Before She Cheats: Set Boundaries
Can you love someone and still be attracted to someone else? Of course! It helps to avoid situations that provide opportunities for affairs. Often, relationships, including affairs, are based on proximity, which explains why people have affairs with co-workers. This mean avoiding all socializing, but be aware of opportunities, especially during times when you’re tempted or vulnerable. For example, if you’ve had a fight with your spouse avoid discussing it with someone that you’re attracted to or work closely with on a regular basis. Call a friend, take a walk, contact a counselor. The sympathetic ear of a friend or helpful co-worker is ALWAYS appealing, so be careful.
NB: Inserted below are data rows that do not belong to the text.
lemma ww_mono:
  assumes "q \<noteq> 0"
  shows "qd_eqv q (ww * mono u) (qd_tau (complex_of_real q ^ 2) (mono u) * ww)"
proof (induction u)
  case (Cons g v)
  let ?t = "complex_of_real q ^ 2"
  let ?g = "cst (?t powi gradel [g]) * mono [g]"
  have ww_gen: "qd_eqv q (ww * mono [g]) (?g * ww)"
    using ww_zz[OF assms] ww_zbar[OF assms]
    by (cases g) (simp_all add: zz_def zbar_def gradel_def power_int_minus)
  have "ww * mono (g # v) = (ww * mono [g]) * mono v"
    using mono_append[of "[g]" v] by (simp add: mult.assoc)
  also have "qd_eqv q \<dots> (?g * (ww * mono v))"
    using qd_eqv_rmult[OF ww_gen] by (simp add: mult.assoc)
  finally have "qd_eqv q (ww * mono (g # v)) (?g * (ww * mono v))" .
  moreover have "qd_eqv q (?g * (ww * mono v)) (?g * (qd_tau ?t (mono v) * ww))"
    by (rule qd_eqv_lmult[OF Cons])
  moreover have "?g * (qd_tau ?t (mono v) * ww) = qd_tau ?t (mono (g # v)) * ww"
    using assms
    by (simp add: tau_mono gradel_Cons[of g v] power_int_add mono_cst_left_commute
        mono_mult_assoc cst_cst mult.assoc)
  ultimately show ?case using qd_eqv_trans by metis
qed simp

lemma ww_commute:
  assumes "q \<noteq> 0"
  shows "qd_eqv q (ww * f) (qd_tau (complex_of_real q ^ 2) f * ww)"
proof (induction f rule: fa_induct)
  case (mono u c)
  have "ww * (cst c * mono u) = cst c * (ww * mono u)"
    by (rule cst_left_commute)
  then show ?case
    using qd_eqv_lmult[OF ww_mono[OF assms, of u], of "cst c"]
    by (simp add: tau_cst_mult mult.assoc)
next
  case (add f g) then show ?case by (simp add: distrib_left distrib_right tau_add qd_eqv_add)
qed simp

text \<open>Moving scalars to the front of products; the specialised forms avoid looping on
  products of two scalars.\<close>

lemma cst_to_front:
  "qd_tau s X * (cst c * Y) = cst c * (qd_tau s X * Y)"
  "qd_star X * (cst c * Y) = cst c * (qd_star X * Y)"
  "qd_pd q g X * (cst c * Y) = cst c * (qd_pd q g X * Y)"
  "ww * (cst c * Y) = cst c * (ww * Y)"
  "qd_tau s X * cst c = cst c * qd_tau s X"
  "qd_star X * cst c = cst c * qd_star X"
  "qd_pd q g X * cst c = cst c * qd_pd q g X"
  "ww * cst c = cst c * ww"
  by (rule cst_left_commute cst_commute[symmetric])+
(* For every $\alpha>0$ there exist a constant $c_0>0$ and infinitely many positive integers $n$ such that for each of them there is a real polynomial $P_n$ of degree $n$ satisfying: (1) $|P_n(x)|\le 1$ for $|x|\le1$, and $P_n(1)=P_n(-1)=1$; (2) $|P_n(x)|\le n^{-6}$ for $|x|\le 1-n^{-(2-\alpha)}$; (3) $P_n(x)\ge c_0$ for $1-n^{-2}\le|x|\le1$. *)

theory Defs
  imports "HOL-Computational_Algebra.Polynomial"
begin

end

theory Submission
  imports Defs "HOL-Library.Infinite_Set" "HOL-Real_Asymp.Real_Asymp"
begin

text \<open>
  Take \<open>P x = T\<^sub>n (a x) / T\<^sub>n a\<close> with \<open>T\<^sub>n\<close> the Chebyshev polynomial of even degree \<open>n\<close> and
  \<open>a = cosh t\<close> slightly above 1, so that \<open>T\<^sub>n a = cosh (n t)\<close>. Where \<open>a \<bar>x\<bar> \<le> 1\<close>, which
  includes \<open>\<bar>x\<bar> \<le> 1 - t\<^sup>2\<close>, we get \<open>\<bar>P x\<bar> \<le> 1 / cosh (n t) \<le> 2 exp (-n t)\<close>. Near \<open>\<plusminus>1\<close>
  write \<open>a \<bar>x\<bar> = cosh s\<close>; then \<open>P x = cosh (n s) / cosh (n t) \<ge> exp (-n (t - s)) / 2\<close>, and
  \<open>t (t - s) \<le> t\<^sup>2 - s\<^sup>2 \<le> 2 (cosh t - cosh s) \<le> 2 a / n\<^sup>2\<close> keeps \<open>n (t - s)\<close> bounded once
  \<open>n t \<ge> 2\<close>. With \<open>t = n powr (\<beta> / 2 - 1)\<close> and \<open>\<beta> = min \<alpha> 2\<close>, \<open>n t = n powr (\<beta> / 2)\<close> grows
  like a power of \<open>n\<close> while \<open>t\<^sup>2 = n powr (\<beta> - 2) \<le> n powr (\<alpha> - 2)\<close>.
\<close>

fun cheb_poly :: "nat \<Rightarrow> real poly" where
  "cheb_poly 0 = 1"
| "cheb_poly (Suc 0) = [:0, 1:]"
| "cheb_poly (Suc (Suc n)) = smult 2 (pCons 0 (cheb_poly (Suc n))) - cheb_poly n"

lemma cheb_poly_cos: "poly (cheb_poly n) (cos t) = cos (real n * t)"
proof (induction n rule: cheb_poly.induct)
  case (3 n)
  have "cos (real (Suc (Suc n)) * t) + cos (real n * t) = 2 * cos t * cos (real (Suc n) * t)"
    using cos_add[of "real (Suc n) * t" t] cos_diff[of "real (Suc n) * t" t]
    by (simp add: algebra_simps)
  with 3 show ?case
    by (simp add: algebra_simps)
qed simp_all

lemma cheb_poly_cosh: "poly (cheb_poly n) (cosh t) = cosh (real n * t)"
proof (induction n rule: cheb_poly.induct)
  case (3 n)
  have "cosh (real (Suc (Suc n)) * t) + cosh (real n * t) = 2 * cosh t * cosh (real (Suc n) * t)"
    using cosh_add[of "real (Suc n) * t" t] cosh_diff[of "real (Suc n) * t" t]
    by (simp add: algebra_simps)
  with 3 show ?case
    by (simp add: algebra_simps)
qed simp_all

lemma cheb_poly_minus: "poly (cheb_poly n) (- y) = (-1) ^ n * poly (cheb_poly n) y"
  by (induction n rule: cheb_poly.induct) (auto simp: algebra_simps)

lemma degree_cheb_poly: "degree (cheb_poly n) = n"
proof (induction n rule: cheb_poly.induct)
  case (3 n)
  then have "cheb_poly (Suc n) \<noteq> 0"
    by auto
  with 3 have "degree (smult 2 (pCons 0 (cheb_poly (Suc n)))) = Suc (Suc n)"
    by simp
  with 3 show ?case
    using degree_add_eq_left[of "- cheb_poly n" "smult 2 (pCons 0 (cheb_poly (Suc n)))"]
    by simp
qed simp_all

lemma abs_cheb_poly_le_1: "\<bar>y\<bar> \<le> 1 \<Longrightarrow> \<bar>poly (cheb_poly n) y\<bar> \<le> 1"
  by (metis abs_cos_le_one cheb_poly_cos cos_arccos_abs)

lemma cheb_poly_arcosh: "1 \<le> y \<Longrightarrow> poly (cheb_poly n) y = cosh (real n * arcosh y)"
  using cheb_poly_cosh[of n "arcosh y"] by simp

lemma abs_cheb_poly_le_cosh:
  assumes "0 \<le> t" "\<bar>y\<bar> \<le> cosh t"
  shows "\<bar>poly (cheb_poly n) y\<bar> \<le> cosh (real n * t)"
proof (cases "\<bar>y\<bar> \<le> 1")
  case True
  then show ?thesis
    using abs_cheb_poly_le_1 cosh_real_ge_1 order_trans by blast
next
  case False
  have "arcosh \<bar>y\<bar> \<le> t"
    using False assms arcosh_less_iff_real[of "cosh t" "\<bar>y\<bar>"] cosh_real_ge_1[of t]
    by (simp add: arcosh_cosh_real not_less)
  then have "cosh (real n * arcosh \<bar>y\<bar>) \<le> cosh (real n * t)"
    using False assms by (subst cosh_real_nonneg_le_iff) (auto intro: mult_left_mono)
  moreover have "\<bar>poly (cheb_poly n) y\<bar> = \<bar>poly (cheb_poly n) \<bar>y\<bar>\<bar>"
    by (cases "0 \<le> y") (simp_all add: cheb_poly_minus abs_mult)
  moreover have "\<dots> = cosh (real n * arcosh \<bar>y\<bar>)"
    using False by (simp add: cheb_poly_arcosh)
  ultimately show ?thesis
    by simp
qed

lemma sinh_ge_self: "0 \<le> x \<Longrightarrow> x \<le> sinh (x :: real)"
  using real_le_x_sinh[of x] by (simp add: sinh_field_def exp_minus)

lemma cosh_diff_cosh:
  fixes x y :: "'a :: {banach, real_normed_field}"
  shows "cosh x - cosh y = 2 * sinh ((x + y) / 2) * sinh ((x - y) / 2)"
proof -
  have "cosh x - cosh y = cosh ((x + y) / 2 + (x - y) / 2) - cosh ((x + y) / 2 - (x - y) / 2)"
    by (simp add: field_simps)
  also have "\<dots> = 2 * sinh ((x + y) / 2) * sinh ((x - y) / 2)"
    unfolding cosh_add cosh_diff by simp
  finally show ?thesis .
qed

lemma cosh_diff_ge:
  fixes x y :: real
  assumes "0 \<le> y" "y \<le> x"
  shows "(x\<^sup>2 - y\<^sup>2) / 2 \<le> cosh x - cosh y"
proof -
  have "(x\<^sup>2 - y\<^sup>2) / 2 = 2 * ((x + y) / 2) * ((x - y) / 2)"
    by (simp add: power2_eq_square field_simps)
  also have "\<dots> \<le> 2 * sinh ((x + y) / 2) * sinh ((x - y) / 2)"
    using assms by (intro mult_mono mult_left_mono sinh_ge_self) auto
  finally show ?thesis
    by (simp add: cosh_diff_cosh)
qed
Before He Cheats: Get Your Needs Met
Men and women have different needs based on continually reinforced notions of gender role socialization, and it’s important for couples to understand exactly what their needs are. For example, women’s primary needs are often affection, conversation, openness/honesty, financial support, and family commitment, while men’s needs are often sex, a recreational companion, an attractive spouse, peace and quiet (domestic support that allows for that) and admiration. Keep in mind, however, that these are very general and based on stereotypes. The reality is that everyone's individual needs vary, and the mains points I'd like to emphasize is that if your needs aren’t met, you’re much more vulnerable to an affair! As you can see, women and men often have VERY different views of what they want from marriage, so communication and negotiation are vital.
The good news is that these goals are achievable, but it takes work, balance, insight, and negotiation to make a marriage last.